Just curious, didn’t mean to offend :laughing:

Providing liquidity to Uniswap v3 is not something that one can do passively like on Sushi or Uni v2. The liquidity provider is discretionarily providing liquidity in select price bands.

To illustrate, when providing liquidity on Uni v2 or Sushi, you simply provide liquidity over the entire price range. That, I agree, doesn’t require any management or the need for an active manager.

Uniswap v3 allows for discretionary decision making as to how to provide liquidity. For example, for the ETH-USDC pair, I can choose to provide liquidity only when the price of ETH is between $2,500 and $4,000. This concentrated liquidity position earns multiple times in fees what a full-range liquidity position (a la Uni v2 & Sushi) would generate. The tradeoff is that, you have the potential to incur much higher impermanent loss if the price were to go out of range or if the liquidity ranges are not managed effectively. Bancor actually released a research paper about how most LPs on Uniswap v3 are not able to generate fees in excess of impermanent loss.

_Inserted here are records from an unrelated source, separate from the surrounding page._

lemma quasi_poly_translate: "quasi_poly G n f \<Longrightarrow> g \<in> G \<Longrightarrow> quasi_poly G n (\<lambda>x. f (x + g))"
proof (induction rule: quasi_poly.induct)
  case (periodic f n)
  then have "(\<lambda>x. f (x + g)) = f"
    by (auto simp: periodic_wrt_def)
  then show ?case
    using periodic quasi_poly.periodic by simp
next
  case (add n f h)
  then show ?case by (auto intro: quasi_poly.add)
next
  case (mult_coord n f i)
  then have "quasi_poly G n (\<lambda>x. f (x + g))"
    by blast
  then have "quasi_poly G (Suc n) (\<lambda>x. complex_of_real (x $ i) * f (x + g) + complex_of_real (g $ i) * f (x + g))"
    by (intro quasi_poly.add quasi_poly.mult_coord quasi_poly.Suc quasi_poly_scale)
  then show ?case
    by (simp add: algebra_simps)
next
  case (Suc n f)
  then show ?case by (auto intro: quasi_poly.Suc)
qed

lemma quasi_poly_0_periodic: "quasi_poly G 0 f \<Longrightarrow> periodic_wrt G f"
  by (induction "0::nat" f rule: quasi_poly.induct) (auto simp: periodic_wrt_def)

lemma quasi_poly_difference:
  assumes "quasi_poly G n f" and "g \<in> G"
  shows "quasi_poly G (n - 1) (\<lambda>x. f (x + g) - f x)"
  using assms(1)
proof (induction rule: quasi_poly.induct)
  case (periodic f n)
  then have "(\<lambda>x. f (x + g) - f x) = (\<lambda>x. 0)"
    using assms(2) by (auto simp: periodic_wrt_def)
  then show ?case
    by (simp add: quasi_poly_zero)
next
  case (add n f h)
  then show ?case
    using quasi_poly.add[OF add.IH] by (simp add: algebra_simps)
next
  case (mult_coord n f i)
  have eq: "(\<lambda>x. complex_of_real ((x + g) $ i) * f (x + g) - complex_of_real (x $ i) * f x)
      = (\<lambda>x. complex_of_real (x $ i) * (f (x + g) - f x) + complex_of_real (g $ i) * f (x + g))"
    by (auto simp: algebra_simps)
  have "quasi_poly G n (\<lambda>x. complex_of_real (x $ i) * (f (x + g) - f x))"
  proof (cases n)
    case 0
    then have "periodic_wrt G f"
      using mult_coord.hyps by (simp add: quasi_poly_0_periodic)
    then have "f (x + g) = f x" for x
      using assms(2) unfolding periodic_wrt_def by blast
    then show ?thesis
      by (simp add: quasi_poly_zero)
  next
    case (Suc k)
    then show ?thesis
      using quasi_poly.mult_coord[OF mult_coord.IH] by simp
  qed
  moreover have "quasi_poly G n (\<lambda>x. complex_of_real (g $ i) * f (x + g))"
    by (intro quasi_poly_scale quasi_poly_translate mult_coord.hyps assms(2))
  ultimately show ?case
    unfolding diff_Suc_1 eq by (rule quasi_poly.add)
next
  case (Suc n f)
  then show ?case
    using quasi_poly_mono[OF diff_le_self Suc.IH] by simp
qed

lemma quasi_poly_mult_coord_power:
  "quasi_poly G n f \<Longrightarrow> quasi_poly G (n + k) (\<lambda>x. complex_of_real (x $ i) ^ k * f x)"
proof (induction k)
  case 0
  then show ?case by simp
next
  case (Suc k)
  then show ?case
    using quasi_poly.mult_coord[OF Suc.IH[OF Suc.prems], of i] by (simp add: mult.assoc)
qed

lemma quasi_poly_periodic_mult_monom:
  fixes j :: "'n::finite \<Rightarrow> nat"
  assumes "periodic_wrt G f"
  shows "quasi_poly G (\<Sum>i\<in>UNIV. j i) (\<lambda>x. f x * monom j x)"
proof -
  have "quasi_poly G (\<Sum>i\<in>I. j i) (\<lambda>x. (\<Prod>i\<in>I. complex_of_real (x $ i) ^ j i) * f x)" if "finite I" for I
    using that
  proof (induction I rule: finite_induct)
    case empty
    then show ?case
      using assms by (simp add: quasi_poly.periodic)
  next
    case (insert i I)
    then show ?case
      using quasi_poly_mult_coord_power[OF insert.IH, of "j i" i] by (simp add: mult.assoc add.commute)
  qed
  then show ?thesis
    by (simp add: monom_def mult.commute)
qed

lemma quasi_poly_sum:
  assumes "\<And>j. j \<in> J \<Longrightarrow> quasi_poly G n (h j)"
  shows "quasi_poly G n (\<lambda>x. \<Sum>j\<in>J. h j x)"
proof -
  have "(\<lambda>x. \<Sum>j\<in>J. h j x) = sum h J"
    by (simp add: fun_eq_iff sum_apply)
  then show ?thesis
    using cfun.subspace_sum[OF subspace_quasi_poly, of J h] assms by simp
qed

lemma PnG_subset_quasi_poly: "PnG n G S \<subseteq> {u \<in> S. quasi_poly G n u}"
proof
  fix p
  assume "p \<in> PnG n G S"
  then obtain f where p: "p \<in> S" "\<forall>j. continuous_on UNIV (f j) \<and> periodic_wrt G (f j)"
    and p_eq: "p = (\<lambda>x. \<Sum>j\<in>{j. (\<Sum>i\<in>UNIV. j i) \<le> n}. f j x * monom j x)"
    unfolding PnG_def by (elim CollectE conjE exE)
  have "quasi_poly G n (\<lambda>x. f j x * monom j x)" if "(\<Sum>i\<in>UNIV. j i) \<le> n" for j
    using that p(2) quasi_poly_mono quasi_poly_periodic_mult_monom by metis
  then have "quasi_poly G n p"
    unfolding p_eq by (intro quasi_poly_sum) simp
  with p(1) show "p \<in> {u \<in> S. quasi_poly G n u}"
    by simp
qed

definition int_span :: "('i \<Rightarrow> 'a::real_vector) \<Rightarrow> 'a set" where
  "int_span b = {(\<Sum>i\<in>UNIV. of_int (k i) *\<^sub>R b i) | k :: 'i \<Rightarrow> int. True}"

lemma full_lattice_iff_int_span:
  "full_lattice G \<longleftrightarrow> (\<exists>b :: 'n \<Rightarrow> real^'n. inj b \<and> independent (range b) \<and> G = int_span b)"
  by (simp add: full_lattice_def int_span_def)

lemma basis_in_int_span:
  fixes b :: "'i::finite \<Rightarrow> 'a::real_vector"
  shows "b i \<in> int_span b"
proof -
  define k :: "'i \<Rightarrow> int" where "k l = (if l = i then 1 else 0)" for l
  have "(\<Sum>l\<in>UNIV. of_int (k l) *\<^sub>R b l) = (\<Sum>l\<in>UNIV. if l = i then b l else 0)"
    by (rule sum.cong) (auto simp: k_def)
  also have "\<dots> = b i"
    by simp
  finally have "(\<Sum>l\<in>UNIV. of_int (k l) *\<^sub>R b l) = b i" .
  then show ?thesis
    unfolding int_span_def by (intro CollectI exI[of _ k] conjI TrueI) (rule sym)
qed

lemma periodic_int_multiple:
  fixes v :: "'a::real_vector"
  assumes "\<And>x. f (x + v) = f x"
  shows "f (x + of_int k *\<^sub>R v) = f x"
proof (induction k rule: int_induct[where k = 0])
  case base
  then show ?case by simp
next
  case (step1 k)
  have "f (x + of_int (k + 1) *\<^sub>R v) = f ((x + of_int k *\<^sub>R v) + v)"
    by (simp add: algebra_simps)
  then show ?case
    using step1.IH assms by simp
next
  case (step2 k)
  have "f (x + of_int k *\<^sub>R v) = f ((x + of_int (k - 1) *\<^sub>R v) + v)"
    by (simp add: algebra_simps)
  then show ?case
    using step2.IH assms by simp
qed

lemma periodic_wrt_int_span:
  fixes b :: "'i::finite \<Rightarrow> real^'n"
  assumes "\<And>i x. f (x + b i) = f x"
  shows "periodic_wrt (int_span b) f"
proof -
  have "f (x + (\<Sum>i\<in>I. of_int (k i) *\<^sub>R b i)) = f x" if "finite I" for I x k
    using that
  proof (induction I arbitrary: x rule: finite_induct)
    case empty
    then show ?case by simp
  next
    case (insert i I)
    then have "f (x + (\<Sum>i\<in>insert i I. of_int (k i) *\<^sub>R b i)) =
        f ((x + (\<Sum>i\<in>I. of_int (k i) *\<^sub>R b i)) + of_int (k i) *\<^sub>R b i)"
      by (simp add: algebra_simps)
    then show ?case
      using insert.IH periodic_int_multiple[where f = f and v = "b i"] assms by simp
  qed
  then show ?thesis
    unfolding periodic_wrt_def int_span_def by auto
qed

section \<open>Finite dimension of the quasi-polynomial solutions\<close>

lemma linear_difference: "Vector_Spaces.linear scaleC_fun scaleC_fun (\<lambda>u x. u (x + g) - u x)"
  unfolding Vector_Spaces.linear_iff
  by (auto simp: cfun.vector_space_axioms scaleC_fun_def fun_eq_iff algebra_simps)

lemma difference_quasi_poly_solution:
  assumes coeffs: "\<And>w x. length w \<le> m \<Longrightarrow> a w (x + g) = a w x" and "g \<in> G"
    and u: "u \<in> solutions m a" "quasi_poly G (Suc n) u"
  shows "(\<lambda>x. u (x + g) - u x) \<in> solutions m a" and "quasi_poly G n (\<lambda>x. u (x + g) - u x)"
proof -
  have "(\<lambda>x. u (x + g)) - u \<in> solutions m a"
    using solutions_translate[OF u(1) coeffs] u(1) by (simp add: cfun.subspace_diff[OF subspace_solutions])
  then show "(\<lambda>x. u (x + g) - u x) \<in> solutions m a"
    by (simp add: fun_diff_def)
  show "quasi_poly G n (\<lambda>x. u (x + g) - u x)"
    using quasi_poly_difference[OF u(2) \<open>g \<in> G\<close>] by simp
qed

lemma fin_dim_quasi_poly_solutions:
  fixes b :: "'n::finite \<Rightarrow> real^'n"
  assumes coeffs: "\<And>w. length w \<le> m \<Longrightarrow> periodic_wrt (int_span b) (a w)"
    and periodic_solutions: "fin_dim {u \<in> solutions m a. periodic_wrt (int_span b) u}"
  shows "fin_dim {u \<in> solutions m a. quasi_poly (int_span b) n u}"
proof (induction n)
  case 0
  have "{u \<in> solutions m a. quasi_poly (int_span b) 0 u} \<subseteq> {u \<in> solutions m a. periodic_wrt (int_span b) u}"
    using quasi_poly_0_periodic by blast
  then show ?case
    by (rule fin_dim_subset[OF periodic_solutions])
next
  case (Suc n)
  let ?V = "{u \<in> solutions m a. quasi_poly (int_span b) (Suc n) u}"
  define \<Delta> where "\<Delta> i u = (\<lambda>x. u (x + b i) - u x)" for i and u :: "real^'n \<Rightarrow> complex"
  have subspace: "cfun.subspace ?V"
    using cfun.subspace_inter[OF subspace_solutions subspace_quasi_poly] by (simp add: Int_def)
  have linear: "Vector_Spaces.linear scaleC_fun scaleC_fun (\<Delta> i)" for i
    unfolding \<Delta>_def by (rule linear_difference)
  have images: "fin_dim (\<Delta> i ` ?V)" for i
  proof -
    have "a w (x + b i) = a w x" if "length w \<le> m" for w x
      using coeffs[OF that] basis_in_int_span unfolding periodic_wrt_def by blast
    then have "\<Delta> i u \<in> solutions m a" "quasi_poly (int_span b) n (\<Delta> i u)" if "u \<in> ?V" for u
      using that basis_in_int_span unfolding \<Delta>_def by (blast intro: difference_quasi_poly_solution)+
    then have "\<Delta> i ` ?V \<subseteq> {u \<in> solutions m a. quasi_poly (int_span b) n u}"
      by (simp add: image_subset_iff)
    then show ?thesis
      by (rule fin_dim_subset[OF Suc.IH])
  qed
  have "{v \<in> ?V. \<forall>i\<in>UNIV. \<Delta> i v = 0} \<subseteq> {u \<in> solutions m a. periodic_wrt (int_span b) u}"
  proof (intro subsetI CollectI conjI; elim CollectE conjE)
    fix v
    assume "\<forall>i\<in>UNIV. \<Delta> i v = 0"
    then have "\<Delta> i v x = 0" for i x
      by simp
    then have "v (x + b i) = v x" for i x
      by (simp add: \<Delta>_def)
    then show "periodic_wrt (int_span b) v"
      by (rule periodic_wrt_int_span)
  qed
  then have kernel: "fin_dim {v \<in> ?V. \<forall>i\<in>UNIV. \<Delta> i v = 0}"
    by (rule fin_dim_subset[OF periodic_solutions])
  show ?case
    by (rule fin_dim_if_common_kernel[OF finite_class.finite_UNIV subspace _ _ kernel]; rule linear images)
qed

theorem corollary3p5:
  fixes G :: "(real^'n) set" and m :: nat and a :: "'n list \<Rightarrow> real^'n \<Rightarrow> complex"
  assumes "full_lattice G"
    and "\<And>w. length w \<le> m \<Longrightarrow> continuous_on UNIV (a w) \<and> periodic_wrt G (a w)"
    and "fin_dim {u \<in> solutions m a. periodic_wrt G u}"
  shows "\<forall>n. fin_dim (PnG n G (solutions m a))"
proof
  fix n
  have "\<exists>b :: 'n \<Rightarrow> real^'n. G = int_span b"
    using assms(1) unfolding full_lattice_iff_int_span by (elim exE conjE) (rule exI, assumption)
  then obtain b :: "'n \<Rightarrow> real^'n" where G: "G = int_span b" ..
  have coeffs: "periodic_wrt (int_span b) (a w)" if "length w \<le> m" for w
    using assms(2)[OF that] unfolding G by (rule conjunct2)
  have "fin_dim {u \<in> solutions m a. quasi_poly G n u}"
    unfolding G by (rule fin_dim_quasi_poly_solutions[OF coeffs assms(3)[unfolded G]])
  then show "fin_dim (PnG n G (solutions m a))"
    using PnG_subset_quasi_poly by (rule fin_dim_subset)
qed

For that reason, there became a need for active managers such as Gamma Strategies and Gelato (G-UNI) to manage ranges when Uniswap v3 was released. The main difference between Gamma and G-UNI is that we utilize machine learning algorithms to dynamically and predictively determine the width and placement of the liquidity bands as well as the timing of the rebalances. G-UNI utilizes a much more simplistic / heuristic rebalancing strategy, which arbitrarily chooses a range at +/- x% around current price and rebalances when the price moves +/- y% in either direction. This is far less optimal than our current Autoregressive Strategy, which dynamically widens the price bands during times of high volatility to lessen the impact of impermanent loss, but narrows the price bands during low volatility times to take advantage of the higher fee multiplier.

Please let me know if that makes sense. The tl;dr is that managing liquidity on Uni v3, although it can be very profitable, requires expertise in terms of how to provide liquidity to maximize yields and reduce impermanent loss because you can choose the price ranges to provide liquidity.